Non-small cell lung cancer (NSCLC) is the most common malignant tumor globally and is associated with an extremely high mortality rate (1). The incidence of NSCLC continues to surge globally. As with other tumors, lung adenocarcinoma which accounts for about 35–45% of all lung malignant tumors is a heterogeneous disease characterized by high rates of genetic mutation (2). Despite the emergence of diverse new approaches for the treatment of lung adenocarcinoma, such as targeted and immune therapy, long term survival is still poor (3,4). One of the main reasons for this is that most patients are diagnosed at an advanced stage. Thus, it is necessary to understand the molecular mechanisms behind lung adenocarcinoma genesis, growth and progression, and identify biomarkers that can be detected during the early stages of the disease.
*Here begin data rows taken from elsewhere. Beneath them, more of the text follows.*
text \<open>The transpose of the pseudoinverse of a symmetric M is again a Moore-Penrose inverse
  of M, so by uniqueness it is the pseudoinverse itself.\<close>
lemma pinv_symmetric:
  fixes M :: "real mat" assumes M: "M \<in> carrier_mat n n" and S: "M\<^sup>T = M"
  shows "pinv M \<in> carrier_mat n n" "pinv M * M * pinv M = pinv M" "(pinv M)\<^sup>T = pinv M"
proof -
  let ?X = "pinv M"
  obtain Z where "moore_penrose M Z" using moore_penrose_exists_symmetric[OF M S] ..
  then have mp: "moore_penrose M ?X" by (rule pinv_moore_penrose[OF M])
  then have Xc: "?X \<in> carrier_mat n n" and MXM: "M * ?X * M = M" and XMX: "?X * M * ?X = ?X"
    and t3: "(M * ?X)\<^sup>T = M * ?X" and t4: "(?X * M)\<^sup>T = ?X * M"
    unfolding moore_penrose_def using M by auto
  then show "?X \<in> carrier_mat n n" "?X * M * ?X = ?X" by auto
  have XT: "?X\<^sup>T \<in> carrier_mat n n" using Xc by auto
  have a: "M * ?X\<^sup>T = ?X * M" using t4 transpose_mult[OF Xc M] S by simp
  have b: "?X\<^sup>T * M = M * ?X" using t3 transpose_mult[OF M Xc] S by simp
  have "moore_penrose M ?X\<^sup>T" unfolding moore_penrose_def
  proof (intro conjI)
    show "?X\<^sup>T \<in> carrier_mat (dim_col M) (dim_row M)" using Xc M by auto
    show "(M * ?X\<^sup>T)\<^sup>T = M * ?X\<^sup>T" using a t4 by simp
    show "(?X\<^sup>T * M)\<^sup>T = ?X\<^sup>T * M" using b t3 by simp
    show "M * ?X\<^sup>T * M = M" using transpose_mult3[OF M Xc M] MXM S assoc_mult_mat[OF M XT M] by simp
    show "?X\<^sup>T * M * ?X\<^sup>T = ?X\<^sup>T" using transpose_mult3[OF Xc M Xc] XMX S assoc_mult_mat[OF XT M XT] by simp
  qed
  then show "?X\<^sup>T = ?X" using moore_penrose_unique[OF M] mp by blast
qed

lemma congruence_transform_symmetric:
  fixes A W :: "real mat"
  assumes A: "A \<in> carrier_mat N N" "A\<^sup>T = A" and W: "W \<in> carrier_mat N m"
  shows "W\<^sup>T * A * W \<in> carrier_mat m m" "(W\<^sup>T * A * W)\<^sup>T = W\<^sup>T * A * W"
proof -
  show "W\<^sup>T * A * W \<in> carrier_mat m m" using A W by auto
  have "(W\<^sup>T * A * W)\<^sup>T = W\<^sup>T * (W\<^sup>T * A)\<^sup>T" using transpose_mult[of "W\<^sup>T * A" m N W m] A W by auto
  also have "(W\<^sup>T * A)\<^sup>T = A\<^sup>T * W" using transpose_mult[of "W\<^sup>T" m N A N] A W by auto
  also have "W\<^sup>T * (A\<^sup>T * W) = W\<^sup>T * A * W" using A W by (simp add: assoc_mult_mat[of _ m N _ N _ m])
  finally show "(W\<^sup>T * A * W)\<^sup>T = W\<^sup>T * A * W" .
qed

lemma galerkin_solution_energy_eq:
  fixes A W :: "real mat"
  assumes A: "A \<in> carrier_mat N N" "A\<^sup>T = A" and W: "W \<in> carrier_mat N m" and b: "b \<in> carrier_vec N"
  defines "v \<equiv> W *\<^sub>v (pinv (W\<^sup>T * A * W) *\<^sub>v (W\<^sup>T *\<^sub>v b))"
  shows "v \<in> carrier_vec N" "(A *\<^sub>v v) \<bullet> v = v \<bullet> b"
proof -
  define M where "M = W\<^sup>T * A * W"
  note MS = congruence_transform_symmetric[OF A W, folded M_def]
  define Z where "Z = pinv M"
  note Zp = pinv_symmetric[OF MS, folded Z_def]
  define y where "y = W\<^sup>T *\<^sub>v b"
  have y: "y \<in> carrier_vec m" unfolding y_def using W b by auto
  define q where "q = Z *\<^sub>v y"
  have q: "q \<in> carrier_vec m" unfolding q_def using Zp(1) y by auto
  have vW: "v = W *\<^sub>v q" unfolding v_def q_def Z_def M_def y_def ..
  show vc: "v \<in> carrier_vec N" unfolding vW using W q by auto
  have "v \<bullet> b = b \<bullet> v" using comm_scalar_prod[OF vc b] .
  also have "\<dots> = y \<bullet> q" unfolding vW y_def using transpose_vec_mult_scalar[OF W q b] by simp
  finally have vb: "v \<bullet> b = y \<bullet> (Z *\<^sub>v y)" unfolding q_def .
  have AWq: "A *\<^sub>v (W *\<^sub>v q) \<in> carrier_vec N" using A W q by auto
  have "(A *\<^sub>v v) \<bullet> v = (W\<^sup>T *\<^sub>v (A *\<^sub>v (W *\<^sub>v q))) \<bullet> q"
    unfolding vW using transpose_vec_mult_scalar[OF W q AWq] by simp
  also have "W\<^sup>T *\<^sub>v (A *\<^sub>v (W *\<^sub>v q)) = M *\<^sub>v q" unfolding M_def using A W q
    by (simp add: assoc_mult_mat_vec[of "W\<^sup>T" m N "A*W" m q] assoc_mult_mat_vec[of A N N W m q])
  also have "(M *\<^sub>v q) \<bullet> q = (Z\<^sup>T *\<^sub>v (M *\<^sub>v q)) \<bullet> y"
    unfolding q_def using transpose_vec_mult_scalar[OF Zp(1) y, of "M *\<^sub>v (Z *\<^sub>v y)"] MS(1) Zp(1) y
    by auto
  also have "Z\<^sup>T *\<^sub>v (M *\<^sub>v q) = (Z * M * Z) *\<^sub>v y" unfolding q_def Zp(3) using Zp(1) MS(1) y
    by (simp add: assoc_mult_mat_vec[of Z m m "M*Z" m y] assoc_mult_mat_vec[of M m m Z m y])
  also have "\<dots> = Z *\<^sub>v y" using Zp(2) by simp
  also have "(Z *\<^sub>v y) \<bullet> y = y \<bullet> (Z *\<^sub>v y)" by (rule comm_scalar_prod[of _ m]) (use Zp(1) y in auto)
  finally show "(A *\<^sub>v v) \<bullet> v = v \<bullet> b" using vb by simp
qed

lemma Wmat_carrier: "Wmat U n N ps i \<in> carrier_mat N (n i)"
  unfolding Wmat_def by auto

lemma is_param_update:
  assumes "is_param L n ps" "i < L" "q \<in> carrier_vec (n i)"
  shows "is_param L n (ps[i := q])"
  using assms unfolding is_param_def by (auto simp: nth_list_update)

lemma multilinear_map_slot_zero:
  assumes mlin: "multilinear_map L n N U" and ps: "is_param L n ps" and i: "i < L"
  shows "U (ps[i := 0\<^sub>v (n i)]) = 0\<^sub>v N"
proof -
  let ?z = "U (ps[i := 0\<^sub>v (n i)])"
  have zc: "?z \<in> carrier_vec N"
    using mlin is_param_update[OF ps i] unfolding multilinear_map_def by auto
  have "(-1) \<cdot>\<^sub>v 0\<^sub>v (n i) + 0\<^sub>v (n i) = (0\<^sub>v (n i) :: real vec)" by (intro eq_vecI) auto
  then have "?z = (-1) \<cdot>\<^sub>v ?z + ?z"
    using mlin ps i unfolding multilinear_map_def by (metis zero_carrier_vec)
  then have "\<forall>r < N. ?z $ r = - (?z $ r) + ?z $ r"
    using zc by (metis carrier_vecD index_add_vec(1) index_smult_vec(1) index_smult_vec(2) mult_minus1)
  then show ?thesis using zc by (intro eq_vecI) auto
qed

lemma multilinear_map_slot_eq_Wmat:
  assumes mlin: "multilinear_map L n N U" and ps: "is_param L n ps" and i: "i < L"
    and q: "q \<in> carrier_vec (n i)"
  shows "U (ps[i := q]) = Wmat U n N ps i *\<^sub>v q"
proof -
  have lin: "\<And>x y a. x \<in> carrier_vec (n i) \<Longrightarrow> y \<in> carrier_vec (n i) \<Longrightarrow>
        U (ps[i := a \<cdot>\<^sub>v x + y]) = a \<cdot>\<^sub>v U (ps[i := x]) + U (ps[i := y])"
    using mlin ps i unfolding multilinear_map_def by blast
  have Uc: "\<And>x. x \<in> carrier_vec (n i) \<Longrightarrow> U (ps[i := x]) \<in> carrier_vec N"
    using mlin is_param_update[OF ps i] unfolding multilinear_map_def by blast
  define s where "s k = vec (n i) (\<lambda>j. if j < k then q$j else 0)" for k
  have "k \<le> n i \<Longrightarrow> U (ps[i := s k]) = vec N (\<lambda>r. \<Sum>c<k. Wmat U n N ps i $$ (r,c) * q$c)" for k
  proof (induction k)
    case 0
    have "s 0 = 0\<^sub>v (n i)" unfolding s_def by (intro eq_vecI) auto
    then show ?case using multilinear_map_slot_zero[OF mlin ps i] by (intro eq_vecI) auto
  next
    case (Suc k)
    then have k: "k < n i" by auto
    have sS: "s (Suc k) = q$k \<cdot>\<^sub>v unit_vec (n i) k + s k" unfolding s_def
      by (intro eq_vecI) (auto simp: unit_vec_def less_Suc_eq)
    have "U (ps[i := s (Suc k)]) = q$k \<cdot>\<^sub>v U (ps[i := unit_vec (n i) k]) + U (ps[i := s k])"
      unfolding sS by (rule lin) (auto simp: s_def)
    also have "\<dots> = vec N (\<lambda>r. \<Sum>c<Suc k. Wmat U n N ps i $$ (r,c) * q$c)"
      unfolding Suc.IH[OF less_imp_le[OF k]]
      using Uc[of "unit_vec (n i) k"] k by (intro eq_vecI) (auto simp: Wmat_def)
    finally show ?case .
  qed
  moreover have "s (n i) = q" unfolding s_def using q by (intro eq_vecI) auto
  ultimately have "U (ps[i := q]) = vec N (\<lambda>r. \<Sum>c<n i. Wmat U n N ps i $$ (r,c) * q$c)" by force
  also have "\<dots> = Wmat U n N ps i *\<^sub>v q"
    using q Wmat_carrier[of U n N ps i]
    by (intro eq_vecI) (auto simp: mult_mat_vec_def scalar_prod_def atLeast0LessThan mult.commute intro!: sum.cong)
  finally show ?thesis .
qed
Recently, high-throughput bioinformatic technologies such as microarrays have been widely used to screen for differentially expressed genes (DEGs) and identify the functional pathways involved in the genesis and development of lung adenocarcinoma. However, the reliable results are not easy to obtain due to the false-positive rates that may exist in every independent microarray analysis. Thus, we downloaded three original mRNA data sets (GSE32863, GSE63459 and GSE75037) from the Gene Expression Omnibus (GEO; http://www.ncbi.nlm.nih.gov/geo/) and aimed to identify the DEGs between normal lung and lung adenocarcinoma tissues. Next, the Kyoto Encyclopedia of Genes and Genomes (KEGG; http://www.genome.jp/) and Gene Ontology (GO; http://www.geneontology.org) databases were used to identify biological processes enriched in DEGs, and integrated protein-protein interaction (PPI) network analysis was used to help us understand the molecular mechanisms underlying lung adenocarcinoma genesis and development. Sixteen hub genes and 376 DEGs were identified, which could be potential target genes and candidate biomarkers for lung adenocarcinoma. To minimize the false-positive rate of the microarray analysis, the results were then confirmed in cell lines and human sample tissues.

Materials and methods

Microarray data

GEO is a public functional genomics data repository supporting MIAME-compliant data submissions. It accepts sequence based and array data. Tools are provided to help users query and download experiments and curated gene expression profiles (5). The GSE32863, GSE63459 and GSE75037 datasets produced by the Illumina HumanWG-6/Ref-8 v3.0 expression beadchip platform (Illumina Inc; http://www.illumina.com) were downloaded for further analysis. The GSE63459 dataset contains data from 33 lung adenocarcinoma tissue samples and 32 adjacent normal tissue samples (6). The GSE32863 dataset contains data from 58 lung adenocarcinoma tissue samples and 58 fresh frozen adjacent non-cancerous samples (7). Moreover, the GSE75037 dataset contains data from 84 lung adenocarcinoma and 84 adjacent non-cancerous lung tissue samples (8).

Identification of DEGs

GEO2R is an online web tool (https://www.ncbi.nlm.nih.gov/geo/geo2r/) provided by the GEO for comparing GEO series to identify DEGs across experimental conditions. The cutoff criteria were set to P-value <0.05 and logFC (fold change)>1. We excluded probe sets without exact gene symbols, and genes with two or more probe sets were averaged.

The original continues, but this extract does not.